lemma visits_Ico_eq_Union: "visits S c {r..<t} = (\<Union>n. visits S c {r..t - 1 / real (Suc n)})"
proof (intro equalityI subsetI)
  fix \<omega> assume "\<omega> \<in> visits S c {r..<t}"
  then obtain v where v: "\<omega> \<in> paths S" "r \<le> v" "v < t" "\<omega> v = c" unfolding visits_def by auto
  then have "0 < t - v" by simp
  then obtain n where "inverse (real (Suc n)) < t - v" using reals_Archimedean by blast
  then show "\<omega> \<in> (\<Union>n. visits S c {r..t - 1 / real (Suc n)})"
    using v unfolding visits_def by (auto simp: inverse_eq_divide intro!: exI[of _ n] bexI[of _ v])
next
  fix \<omega> assume "\<omega> \<in> (\<Union>n. visits S c {r..t - 1 / real (Suc n)})"
  then obtain n v where v: "\<omega> \<in> paths S" "r \<le> v" "v \<le> t - 1 / real (Suc n)" "\<omega> v = c"
    unfolding visits_def by auto
  have "0 < 1 / real (Suc n)" by simp
  then have "v < t" using v(3) by linarith
  then have "v \<in> {r..<t}" using v(2) by simp
  then show "\<omega> \<in> visits S c {r..<t}" using v unfolding visits_def by blast
qed

lemma visits_Ico_measurable: "0 \<le> r \<Longrightarrow> visits S c {r..<t} \<in> sets (path_space S)"
  unfolding visits_Ico_eq_Union by (intro sets.countable_UN'' visits_Icc_measurable) auto

lemma first_entry_event_eq_countable:
  assumes F: "finite F" and aF: "a \<in> F"
  shows "first_entry_event S F a =
    (\<Union>q\<in>\<rat> \<inter> {0..}. visits S a {0..q} - (\<Union>b\<in>F - {a}. visits S b {0..q}))"
    (is "_ = (\<Union>q\<in>_. visits S a {0..q} - (\<Union>b\<in>?G. _))")
proof (intro equalityI subsetI)
  fix \<omega> assume "\<omega> \<in> first_entry_event S F a"
  then obtain \<tau> where p: "\<omega> \<in> paths S" and \<tau>: "0 \<le> \<tau>" "\<omega> \<tau> = a" "\<And>u. 0 \<le> u \<Longrightarrow> u < \<tau> \<Longrightarrow> \<omega> u \<notin> F"
    unfolding first_entry_event_def by (auto elim: first_entryE)
  obtain q where q: "q \<in> \<rat>" "\<tau> < q" "\<And>v. 0 \<le> v \<Longrightarrow> v \<le> q \<Longrightarrow> \<omega> v \<notin> ?G"
  proof (cases "\<exists>t\<ge>0. \<omega> t \<in> ?G")
    case True
    have closed_G: "closed ?G" using F by (intro finite_imp_closed) auto
    obtain \<sigma> where \<sigma>: "0 \<le> \<sigma>" "\<omega> \<sigma> \<in> ?G" "\<And>u. 0 \<le> u \<Longrightarrow> u < \<sigma> \<Longrightarrow> \<omega> u \<notin> ?G"
      using first_passage_time[OF p closed_G] True by metis
    have "\<tau> < \<sigma>" using \<tau> \<sigma> by (metis Diff_iff insertCI not_le order.order_iff_strict)
    then obtain q where "q \<in> \<rat>" "\<tau> < q" "q < \<sigma>" using Rats_dense_in_real by blast
    then show ?thesis using that[of q] \<sigma> by auto
  next
    case False
    obtain q where "q \<in> \<rat>" "\<tau> < q" using Rats_dense_in_real[of \<tau> "\<tau> + 1"] by auto
    then show ?thesis using that[of q] False by auto
  qed
  have "\<omega> \<in> visits S a {0..q}" unfolding visits_def using p \<tau> q by auto
  moreover have "\<omega> \<notin> visits S b {0..q}" if "b \<in> ?G" for b unfolding visits_def using q that by auto
  moreover have "q \<in> \<rat> \<inter> {0..}" using q \<tau>(1) by auto
  ultimately show "\<omega> \<in> (\<Union>q\<in>\<rat> \<inter> {0..}. visits S a {0..q} - (\<Union>b\<in>?G. visits S b {0..q}))"
    by blast
next
  fix \<omega> assume "\<omega> \<in> (\<Union>q\<in>\<rat> \<inter> {0..}. visits S a {0..q} - (\<Union>b\<in>?G. visits S b {0..q}))"
  then obtain q where visits_a: "\<omega> \<in> visits S a {0..q}"
    and avoids_G: "\<And>b. b \<in> ?G \<Longrightarrow> \<omega> \<notin> visits S b {0..q}"
    by blast
  then obtain v where p: "\<omega> \<in> paths S" and v: "0 \<le> v" "v \<le> q" "\<omega> v = a"
    unfolding visits_def by auto
  obtain \<tau> where \<tau>: "0 \<le> \<tau>" "\<tau> \<le> v" "\<omega> \<tau> \<in> F" "\<And>u. 0 \<le> u \<Longrightarrow> u < \<tau> \<Longrightarrow> \<omega> u \<notin> F"
    using first_passage_time[OF p finite_imp_closed[OF F] v(1)] v(3) aF by metis
  have "\<tau> \<in> {0..q}" using \<tau> v by auto
  then have "\<omega> \<tau> \<notin> ?G" using avoids_G[of "\<omega> \<tau>"] p unfolding visits_def by blast
  then have "\<omega> \<tau> = a" using \<tau>(3) by auto
  then show "\<omega> \<in> first_entry_event S F a"
    unfolding first_entry_event_def using p \<tau> aF by (auto intro: first_entryI)
qed

lemma first_entry_event_measurable:
  assumes F: "finite F"
  shows "first_entry_event S F a \<in> sets (path_space S)"
proof (cases "a \<in> F")
  case True
  show ?thesis
    unfolding first_entry_event_eq_countable[OF F True] using F countable_rat
    by (intro sets.countable_UN'')
       (auto intro: countable_Int1 intro!: sets.Diff sets.finite_UN visits_Icc_measurable)
qed (simp add: first_entry_event_def first_entry_def)

lemma visits_eq_hitting_time_le: "visits S c {0..t} = {\<omega> \<in> paths S. hitting_time {c} \<omega> \<le> ereal t}"
proof (intro equalityI subsetI)
  fix \<omega> assume "\<omega> \<in> visits S c {0..t}"
  then show "\<omega> \<in> {\<omega> \<in> paths S. hitting_time {c} \<omega> \<le> ereal t}"
    unfolding visits_def by (auto intro: order_trans[OF hitting_time_le])
next
  fix \<omega> assume a: "\<omega> \<in> {\<omega> \<in> paths S. hitting_time {c} \<omega> \<le> ereal t}"
  then have "hitting_time {c} \<omega> < \<infinity>" by (auto intro: le_less_trans)
  then obtain \<tau> where "hitting_time {c} \<omega> = ereal \<tau>" "0 \<le> \<tau>" "\<omega> \<tau> = c"
    using a hitting_time_finiteE[of \<omega> S "{c}"] by auto
  then show "\<omega> \<in> visits S c {0..t}" using a unfolding visits_def by auto
qed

········

== Work request ==
Set down exactly the lines above that run from the start of the listing to the line with "then obtain n where". Leave out every later line.

== Result below ==
lemma visits_Ico_eq_Union: "visits S c {r..<t} = (\<Union>n. visits S c {r..t - 1 / real (Suc n)})"
proof (intro equalityI subsetI)
  fix \<omega> assume "\<omega> \<in> visits S c {r..<t}"
  then obtain v where v: "\<omega> \<in> paths S" "r \<le> v" "v < t" "\<omega> v = c" unfolding visits_def by auto
  then have "0 < t - v" by simp
  then obtain n where "inverse (real (Suc n)) < t - v" using reals_Archimedean by blast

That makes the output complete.